Existing sonar systems either actively receive reflected acoustic signals or passively receive acoustic signals from a source. The performance of such sonar systems is limited by the size of the receiving or sensor arrays that passively or actively receives the energy. Particularly in complex environments, such as shallow water, there is a need for a large aperture sensor array with a relatively large vertical extent.
Large aperture sensor arrays are disclosed in the prior art, but many of these devices are unsuitable for deployment from an undersea vehicle and cannot be stored between inner and outer hulls of such a vehicle.
One such array has a sinker or a float along an outer edge of the array. Force on the sinker or float acts to keep the array extended; however, dynamic forces on the array cause it to wobble when deployed. Likewise, the array cannot be extended horizontally because a buoyant force cannot support horizontal extension.
Another array comprises a plurality of telescoping structures that extend from an underwater vehicle. Sensors are deployed on the surfaces of the structures. The telescoping structures do not allow use of a wide collection surface. Accordingly, multiple telescoping structures would be necessary to provide equivalent dimensions.
None of the prior art discloses a rigid, large aperture sensor array that can be easily deployed and retracted in an underwater environment and can extend in all directions with respect to a vehicle, such as a fishing boat, submarine, torpedo, and the like.
One object of the present invention is to provide a large aperture sensor array that is easily deployed and retracted from a platform, such as a surface ship, submarine, sonobuoy, mine, spaceship, airplane, unmanned underwater vehicle, or other device.
Another object of the present invention is providing a rigid array, which can be readily stored on the platform.
Still another object of the present invention is providing a sensor array having an increased area when employed on a double-hulled underwater vehicle.
Yet another object of the present invention is to provide a plurality of retractable underwater sensor arrays that extend from a vehicle in a number of different directions.
A further object of the present invention is to provide a retractable underwater sensor array that maximizes the sensor array area while also minimizing hydrostatic drag against the sensor array created by ocean currents or motion through the water.
Accordingly, the subject invention provides a rigid sensor array system for an underwater vehicle having an inner hull and an outer hull. A guide means is positioned between the vehicle's inner and outer hulls, and a sensor array panel is mounted slidably on the guide means. An exit slot is formed in said outer hull allowing the sensor array panel to slide out from between the hulls to a deployed position extending from the outer hull. The guide means is provided as tracks on either side of the array panel.
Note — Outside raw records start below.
lemma iid_expect_grad_loss_matrix:
  fixes mu :: "real^'n::finite" and P V :: "real^'n^'n" and Q A :: "real^'n^'t::finite"
  assumes mu_sum: "(\<Sum>i\<in>UNIV. mu $ i) = 1"
    and P_col: "\<forall>j. (\<Sum>i\<in>UNIV. P $ i $ j) = 1" and P_mu: "P *v mu = mu" and V_mu: "V *v mu = mu"
    and q_sum: "(\<Sum>t\<in>UNIV. Q $ t $ k) = 1" and a_sum: "(\<Sum>t\<in>UNIV. A $ t $ k) = 1"
  defines "a \<equiv> column k A" and "q \<equiv> column k Q"
  shows "iid_expect mu (\<lambda>xs. \<Sum>xo\<in>UNIV. (P *v (datamat xs *v q)) $ xo *\<^sub>R grad (\<lambda>W. loss W A xs k xo) V) =
      inner a a *\<^sub>R (V ** diagv mu) + (1 - inner a a) *\<^sub>R outerv mu mu
    - inner q a *\<^sub>R (P ** diagv mu) - (1 - inner q a) *\<^sub>R outerv mu mu"
proof -
  have a_sum': "(\<Sum>t\<in>UNIV. a $ t) = 1" and q_sum': "(\<Sum>t\<in>UNIV. q $ t) = 1"
    using a_sum q_sum by (simp_all add: a_def q_def column_def)
  have "(\<Sum>xo\<in>UNIV. (P *v (datamat xs *v q)) $ xo *\<^sub>R grad (\<lambda>W. loss W A xs k xo) V) =
      outerv (V *v (datamat xs *v a)) (datamat xs *v a) - outerv (P *v (datamat xs *v q)) (datamat xs *v a)"
    for xs
    using sum_scaleR_linear_minus_axis[OF linear_outerv_left, of "P *v (datamat xs *v q)"]
      sum_next_token_distribution[OF P_col q_sum']
    by (simp add: grad_loss_matrix flip: a_def)
  then show ?thesis
    using a_sum' q_sum'
    by (simp add: iid_expect_diff iid_expect_outer_datamat[OF mu_sum] P_mu V_mu inner_commute)
qed

lemma iid_expect_grad_loss_column:
  fixes mu :: "real^'n::finite" and P V :: "real^'n^'n" and Q A :: "real^'n^'t::finite"
  assumes mu_sum: "(\<Sum>i\<in>UNIV. mu $ i) = 1"
    and P_col: "\<forall>j. (\<Sum>i\<in>UNIV. P $ i $ j) = 1" and P_mu: "P *v mu = mu" and V_mu: "V *v mu = mu"
    and q_sum: "(\<Sum>t\<in>UNIV. Q $ t $ k) = 1" and a_sum: "(\<Sum>t\<in>UNIV. A $ t $ k) = 1"
  defines "a \<equiv> column k A" and "q \<equiv> column k Q"
  shows "iid_expect mu (\<lambda>xs. \<Sum>xo\<in>UNIV. (P *v (datamat xs *v q)) $ xo *\<^sub>R
        grad (\<lambda>a. loss V (setcol k a A) xs k xo) a) =
      (muinner mu V V - (norm mu)^2) *\<^sub>R a + (norm mu)^2 *\<^sub>R (\<chi> t. 1)
    - muinner mu V P *\<^sub>R q - (norm mu)^2 *\<^sub>R ((\<chi> t. 1) - q)"
proof -
  have a_sum': "(\<Sum>t\<in>UNIV. a $ t) = 1" and q_sum': "(\<Sum>t\<in>UNIV. q $ t) = 1"
    using a_sum q_sum by (simp_all add: a_def q_def column_def)
  define L where "L xs v = transpose (datamat xs) *v (transpose V *v v)" for xs :: "'t \<Rightarrow> 'n" and v
  have lin: "linear (L xs)" for xs
    unfolding L_def matrix_vector_mul_assoc by (rule matrix_vector_mul_linear)
  have "grad (\<lambda>a. loss V (setcol k a A) xs k xo) a = L xs (V *v (datamat xs *v a) - axis xo 1)" for xs xo
    by (simp add: grad_loss_column L_def a_def)
  then have "(\<Sum>xo\<in>UNIV. (P *v (datamat xs *v q)) $ xo *\<^sub>R grad (\<lambda>a. loss V (setcol k a A) xs k xo) a) =
      L xs (V *v (datamat xs *v a)) - L xs (P *v (datamat xs *v q))"
    for xs
    by (simp add: sum_scaleR_linear_minus_axis[OF lin] sum_next_token_distribution[OF P_col q_sum'])
  then have "iid_expect mu (\<lambda>xs. \<Sum>xo\<in>UNIV. (P *v (datamat xs *v q)) $ xo *\<^sub>R
        grad (\<lambda>a. loss V (setcol k a A) xs k xo) a) =
      iid_expect mu (\<lambda>xs. L xs (V *v (datamat xs *v a))) - iid_expect mu (\<lambda>xs. L xs (P *v (datamat xs *v q)))"
    by (simp add: iid_expect_diff)
  also have "\<dots> = (muinner mu V V - (norm mu)^2) *\<^sub>R a + (norm mu)^2 *\<^sub>R (\<chi> t. 1)
    - muinner mu V P *\<^sub>R q - (norm mu)^2 *\<^sub>R ((\<chi> t. 1) - q)"
    unfolding L_def iid_expect_gram_datamat[OF mu_sum]
    using a_sum' q_sum' by (simp add: P_mu V_mu power2_norm_eq_inner algebra_simps)
  finally show ?thesis .
qed

lemma expect_grad_loss_matrix:
  fixes mu :: "real^'n::finite" and P V :: "real^'n^'n" and Q A :: "real^'n^'t::finite"
  assumes mu_sum: "(\<Sum>i\<in>UNIV. mu $ i) = 1"
    and P_col: "\<forall>j. (\<Sum>i\<in>UNIV. P $ i $ j) = 1" and P_mu: "P *v mu = mu" and V_mu: "V *v mu = mu"
    and Q_col: "\<forall>k. (\<Sum>t\<in>UNIV. Q $ t $ k) = 1" and A_col: "\<forall>k. (\<Sum>t\<in>UNIV. A $ t $ k) = 1"
  shows "expect mu P Q (\<lambda>xs k xo. grad (\<lambda>W. loss W A xs k xo) V) =
      muinner mu A A *\<^sub>R (V ** diagv mu - outerv mu mu) - muinner mu Q A *\<^sub>R (P ** diagv mu - outerv mu mu)"
proof -
  let ?D = "\<lambda>M. M ** diagv mu - outerv mu mu"
  have "iid_expect mu (\<lambda>xs. \<Sum>xo\<in>UNIV. (P *v (datamat xs *v column k Q)) $ xo *\<^sub>R
      grad (\<lambda>W. loss W A xs k xo) V) =
      inner (column k A) (column k A) *\<^sub>R ?D V - inner (column k Q) (column k A) *\<^sub>R ?D P" for k
    using iid_expect_grad_loss_matrix[OF mu_sum P_col P_mu V_mu, of Q k A] Q_col A_col
    by (simp add: algebra_simps)
  then have "expect mu P Q (\<lambda>xs k xo. grad (\<lambda>W. loss W A xs k xo) V) =
      (\<Sum>k\<in>UNIV. mu $ k *\<^sub>R (inner (column k A) (column k A) *\<^sub>R ?D V
        - inner (column k Q) (column k A) *\<^sub>R ?D P))"
    by (simp only: expect_eq_iid_expect)
  then show ?thesis
    by (simp add: muinner_eq_sum_column scaleR_right_diff_distrib sum_subtractf scaleR_sum_left)
qed

lemma expect_grad_loss_column:
  fixes mu :: "real^'n::finite" and P V :: "real^'n^'n" and Q A :: "real^'n^'t::finite"
  assumes mu_sum: "(\<Sum>i\<in>UNIV. mu $ i) = 1"
    and P_col: "\<forall>j. (\<Sum>i\<in>UNIV. P $ i $ j) = 1" and P_mu: "P *v mu = mu" and V_mu: "V *v mu = mu"
    and Q_col: "\<forall>k. (\<Sum>t\<in>UNIV. Q $ t $ k) = 1" and A_col: "\<forall>k. (\<Sum>t\<in>UNIV. A $ t $ k) = 1"
  shows "expect mu P Q (\<lambda>xs x xo. grad (\<lambda>a. loss V (setcol k a A) xs x xo) (column k A)) =
      (mu $ k * (muinner mu V V - (norm mu)^2)) *\<^sub>R column k A + (mu $ k * (norm mu)^2) *\<^sub>R (\<chi> t. 1)
    - (mu $ k * muinner mu V P) *\<^sub>R column k Q - (mu $ k * (norm mu)^2) *\<^sub>R ((\<chi> t. 1) - column k Q)"
proof -
  have "iid_expect mu (\<lambda>xs. \<Sum>xo\<in>UNIV. (P *v (datamat xs *v column x Q)) $ xo *\<^sub>R
      grad (\<lambda>a. loss V (setcol k a A) xs x xo) (column k A)) = 0" if "x \<noteq> k" for x
    using that by (simp add: grad_loss_column iid_expect_def)
  then have "expect mu P Q (\<lambda>xs x xo. grad (\<lambda>a. loss V (setcol k a A) xs x xo) (column k A)) =
      mu $ k *\<^sub>R iid_expect mu (\<lambda>xs. \<Sum>xo\<in>UNIV. (P *v (datamat xs *v column k Q)) $ xo *\<^sub>R
        grad (\<lambda>a. loss V (setcol k a A) xs k xo) (column k A))"
    unfolding expect_eq_iid_expect by (subst sum.mono_neutral_left[of UNIV "{k}", symmetric]) auto
  then show ?thesis
    using Q_col A_col
    by (simp add: iid_expect_grad_loss_column[OF mu_sum P_col P_mu V_mu] algebra_simps)
qed

theorem lemmaB7:
  fixes mu :: "real^'n::finite"
    and P V :: "real^'n^'n"
    and Q A :: "real^'n^'t::finite"
  assumes P_nonneg: "\<forall>i j. P $ i $ j \<ge> 0"
    and P_col: "\<forall>j. (\<Sum>i\<in>UNIV. P $ i $ j) = 1"
    and mu_nonneg: "\<forall>i. mu $ i \<ge> 0"
    and mu_sum: "(\<Sum>i\<in>UNIV. mu $ i) = 1"
    and P_mu: "P *v mu = mu"
    and Q_nonneg: "\<forall>t k. Q $ t $ k \<ge> 0"
    and Q_col: "\<forall>k. (\<Sum>t\<in>UNIV. Q $ t $ k) = 1"
    and V_mu: "V *v mu = mu"
    and A_col: "\<forall>k. (\<Sum>t\<in>UNIV. A $ t $ k) = 1"
  shows "expect mu P Q (\<lambda>xs k xo. grad (\<lambda>W. loss W A xs k xo) V) =
           muinner mu A A *\<^sub>R (V ** diagv mu)
         + (1 - muinner mu A A) *\<^sub>R outerv mu mu
         - muinner mu Q A *\<^sub>R (P ** diagv mu)
         - (1 - muinner mu Q A) *\<^sub>R outerv mu mu
       \<and> (\<forall>k. expect mu P Q (\<lambda>xs x xo. grad (\<lambda>a. loss V (setcol k a A) xs x xo) (column k A)) =
           (mu $ k * (muinner mu V V - (norm mu)^2)) *\<^sub>R column k A
         + (mu $ k * (norm mu)^2) *\<^sub>R (\<chi> t. 1)
         - (mu $ k * muinner mu V P) *\<^sub>R column k Q
         - (mu $ k * (norm mu)^2) *\<^sub>R ((\<chi> t. 1) - column k Q))"
proof (intro conjI allI)
  show "expect mu P Q (\<lambda>xs k xo. grad (\<lambda>W. loss W A xs k xo) V) =
      muinner mu A A *\<^sub>R (V ** diagv mu) + (1 - muinner mu A A) *\<^sub>R outerv mu mu
    - muinner mu Q A *\<^sub>R (P ** diagv mu) - (1 - muinner mu Q A) *\<^sub>R outerv mu mu"
    using expect_grad_loss_matrix[OF mu_sum P_col P_mu V_mu Q_col A_col] by (simp add: algebra_simps)
  show "expect mu P Q (\<lambda>xs x xo. grad (\<lambda>a. loss V (setcol k a A) xs x xo) (column k A)) =
      (mu $ k * (muinner mu V V - (norm mu)^2)) *\<^sub>R column k A + (mu $ k * (norm mu)^2) *\<^sub>R (\<chi> t. 1)
    - (mu $ k * muinner mu V P) *\<^sub>R column k Q - (mu $ k * (norm mu)^2) *\<^sub>R ((\<chi> t. 1) - column k Q)"
    for k
    by (rule expect_grad_loss_column[OF mu_sum P_col P_mu V_mu Q_col A_col])
qed

end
In a further embodiment, a drive means is provided for moving the array panel from between the hulls to its deployed position.
These and other features and advantages of the present invention will be better understood in view of the following description of the invention taken together with the drawings wherein:
FIG. 1 is a cut-away view of a portion of an underwater vehicle having a rigid hull array retracted therein according to the present invention;
FIG. 2 is a view of a portion of an underwater vehicle having a rigid hull array deployed therefrom according to the present invention; and
FIG. 3 is a sectional view of an underwater vehicle showing the deployment mechanism of the rigid hull array according to the present invention.
In FIG. 1, there is shown a cut-away view of an undersea vehicle 10 incorporating a hull array 12 in its stowed position. Vehicle 10 has an outer hull 14 and an inner hull 16. The area between outer hull 14 and inner hull 16 is a free flood area exposed to environmental water. An exit slot 26 is formed in outer hull 14 for deploying hull array 12. Hull array 12 is a rigid rectangle having a plurality of sensors 18 disposed thereon. Hull array 12 can be made from any rigid, corrosion resistant material such as stainless steel, aluminum or a composite material. Sensors 18 are joined to analysis circuitry within inner hull 16. These sensors 18 can be either velocity sensors or pressure sensors operating on piezoelectric, optical or magnetostrictive principles or the like. Hull array 12 is slidably mounted at each side to guide track sets 20. Each guide track set 20 has an outer track 22 and an inner track 24.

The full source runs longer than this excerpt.